Proceedings of The Physiological Society

Europhysiology 2018 (London, UK) (2018) Proc Physiol Soc 41, C112

Oral Communications

Drowning and asphyxia in the time of Edmund Goodwyn

J. L. Vega1,2

1. Neurosciences and Stroke, Novant Health, Forsyth Medical Center, Winston Salem, North Carolina, United States. 2. Urgencias Neurologicas, TeleNeurologia SAS, Medellin, Colombia.

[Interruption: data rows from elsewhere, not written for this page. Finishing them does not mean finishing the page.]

lemma helped_at_step:
  assumes inv: "invariant c" and st: "U_step \<delta> x c c'"
  shows "helped_at c' y"
proof -
  have vals: "inv_values c" and owner: "inv_owner c" and helped: "helped_at c y" "helped_at c x"
    using inv unfolding invariant_def by auto
  show ?thesis
  proof (cases "y = x")
    case True
    show ?thesis
    proof (cases "pc (loc c x) = 3")
      case True
      then show ?thesis unfolding \<open>y = x\<close> helped_at_def U_step_loc(3)[OF st True] by simp
    next
      case False
      then show ?thesis using helped_at_step_self[OF vals st False helped(2)] \<open>y = x\<close> by simp
    qed
  next
    case False
    have loc_y: "loc c' y = loc c y" by (rule U_step_loc_other[OF st False])
    show ?thesis
    proof (cases "pc (loc c x) = 3")
      case False
      then show ?thesis
        using helped(1) U_step_pending_before[OF vals st False] unfolding helped_at_def loc_y
        by metis
    next
      case True
      \<comment> \<open>x resets H_x, but y's snapshots only carry older timestamps of x\<close>
      have H': "Hh c' = (Hh c)(x := (lt (loc c x), NULL))" using U_step_Hh[OF st] True by simp
      have "ts (loc c y) < lt (loc c x)" if "pc (loc c y) \<in> {7..12}" "rps (loc c y) = HP x"
      proof -
        have "(ts (loc c y), HP x) \<in> circulating c"
          using circulating_S_snapshot[of c y] that by auto
        then show ?thesis using inv_ownerD(2)[OF owner] True by blast
      qed
      moreover have "tp (loc c y) < lt (loc c x)" if "pc (loc c y) \<in> {9..13}" "rpp (loc c y) = HP x"
      proof -
        have "(tp (loc c y), HP x) \<in> circulating c"
          using circulating_A_snapshot[of c y] that by auto
        then show ?thesis using inv_ownerD(2)[OF owner] True by blast
      qed
      ultimately show ?thesis using helped(1) unfolding helped_at_def loc_y H' by auto
    qed
  qed
qed

lemma invariant_step:
  assumes "invariant c" "U_step \<delta> x c c'"
  shows "invariant c'"
proof -
  have "inv_clock c" "inv_distinct_ts c" "inv_owner c" "inv_values c"
    using assms(1) unfolding invariant_def by auto
  then show ?thesis
    unfolding invariant_def
    using inv_clock_step[OF _ assms(2)] inv_distinct_ts_step[OF _ _ assms(2)]
      inv_owner_step[OF _ _ _ assms(2)] inv_values_step[OF _ assms(2)] helped_at_step[OF assms]
    by blast
qed

section \<open>Executions\<close>

locale execution =
  fixes \<delta> :: "('q \<times> 'o \<times> 'q \<times> 'r) set" and E :: "nat \<Rightarrow> ('p,'o,'q,'r) config"
    and sched :: "nat \<Rightarrow> 'p"
  assumes transition: "\<And>k. U_step \<delta> (sched k) (E k) (E (Suc k))"
    and invariant_0: "invariant (E 0)"
    and idle_0: "\<And>x. pc (loc (E 0) x) = 1"
begin

lemma invariant: "invariant (E k)"
  by (induction k) (auto intro: invariant_step[OF _ transition] invariant_0)

lemma clock_inv: "inv_clock (E k)"
  and distinct_ts_inv: "inv_distinct_ts (E k)"
  and owner_inv: "inv_owner (E k)"
  and values_inv: "inv_values (E k)"
  and helped_inv: "helped_at (E k) x"
  using invariant[of k] unfolding invariant_def by auto

lemma step_of: "sched k = x \<Longrightarrow> U_step \<delta> x (E k) (E (Suc k))"
  using transition[of k] by simp

lemma loc_other: "sched k \<noteq> x \<Longrightarrow> loc (E (Suc k)) x = loc (E k) x"
  using U_step_loc_other[OF transition] by metis
lemma growth_factor_ge_fwd:
  assumes S: "(p, q) \<in> S_set M" and k: "k \<ge> step_threshold M" and p': "p' \<in> open_simplex"
  shows "growth_factor \<pi> p' p
      + real k * (\<Phi> (p + (1 / real k) *\<^sub>R (q - p)) / \<Phi> p' - growth_factor \<pi> p' p)
    \<le> growth_factor \<pi> p' q"
proof -
  define x where "x = p + (1 / real k) *\<^sub>R (q - p)"
  note k = step_threshold_bounds[OF M_ge_1 k]
  have "x \<in> open_simplex" unfolding x_def using S_set_forward_in_open_simplex[OF S M_pos] k by simp
  moreover have "growth_factor \<pi> p' x
      = growth_factor \<pi> p' p + (1 / real k) * (growth_factor \<pi> p' q - growth_factor \<pi> p' p)"
    by (simp add: x_def growth_factor_add growth_factor_scaleR growth_factor_diff)
  ultimately have "\<Phi> x / \<Phi> p'
      \<le> growth_factor \<pi> p' p + (1 / real k) * (growth_factor \<pi> p' q - growth_factor \<pi> p' p)"
    using generating_ineq[OF p'] by metis
  then have "real k * (\<Phi> x / \<Phi> p' - growth_factor \<pi> p' p)
      \<le> growth_factor \<pi> p' q - growth_factor \<pi> p' p"
    using k by (simp add: field_simps)
  then show ?thesis by (simp add: x_def)
qed

lemma growth_factor_le_bwd:
  assumes S: "(p, q) \<in> S_set M" and k: "k \<ge> step_threshold M" and p': "p' \<in> open_simplex"
  shows "growth_factor \<pi> p' q
    \<le> growth_factor \<pi> p' p
      + real k * (growth_factor \<pi> p' p - \<Phi> (p - (1 / real k) *\<^sub>R (q - p)) / \<Phi> p')"
proof -
  define y where "y = p - (1 / real k) *\<^sub>R (q - p)"
  note k = step_threshold_bounds[OF M_ge_1 k]
  have "y \<in> open_simplex" unfolding y_def using S_set_backward_in_open_simplex[OF S M_pos] k by simp
  moreover have "growth_factor \<pi> p' y
      = growth_factor \<pi> p' p - (1 / real k) * (growth_factor \<pi> p' q - growth_factor \<pi> p' p)"
    by (simp add: y_def growth_factor_add growth_factor_scaleR growth_factor_diff)
  ultimately have "\<Phi> y / \<Phi> p'
      \<le> growth_factor \<pi> p' p - (1 / real k) * (growth_factor \<pi> p' q - growth_factor \<pi> p' p)"
    using generating_ineq[OF p'] by metis
  then have "growth_factor \<pi> p' q - growth_factor \<pi> p' p
      \<le> real k * (growth_factor \<pi> p' p - \<Phi> y / \<Phi> p')"
    using k by (simp add: field_simps)
  then show ?thesis by (simp add: y_def)
qed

This paper addresses the visionary work of a virtually unknown English medical student by the name of Edmund Goodwyn (1756-1829), whose graduation thesis (1) represents one of the most progressive scientific contributions of his time. While miscellaneous aspects of his remarkable monograph, titled The Connexion of Life with Respiration, have been occasionaly mentioned in a few history books and other medical publications, the unusually lucid and innovative nature of his work has yet to be recognized. Goodwyn's thesis contains several important discoveries: the first experimental demonstration that drowning is caused by the exclusion of atmospheric air from the lungs; the mechanism by which artificial ventilation treats asphyxia; and the first description of an oxygen-conserving reflex commonly known as diving bradycardia, which until recently had been attributed to Paul Bert (1833-1886). (2) It also holds one of the earliest (if not the earliest) experimentally-supported arguments that pulmonary circulation is continuous in all phases of respiration, and not intermittent, as it was widely believed at the time (3). In addition, Goodwyn's thesis includes one of the earliest repudiations of suspended animation, a mystical concept that confused physicians into the early part of the twentieth century, and which sparked an era in the history of medicine known as the "premature burial panic." (4) Thus, this paper intends to show the innovative nature of Goodwyn's thesis in its historical context, and to provide a first biographic glimpse of this remarkable physician.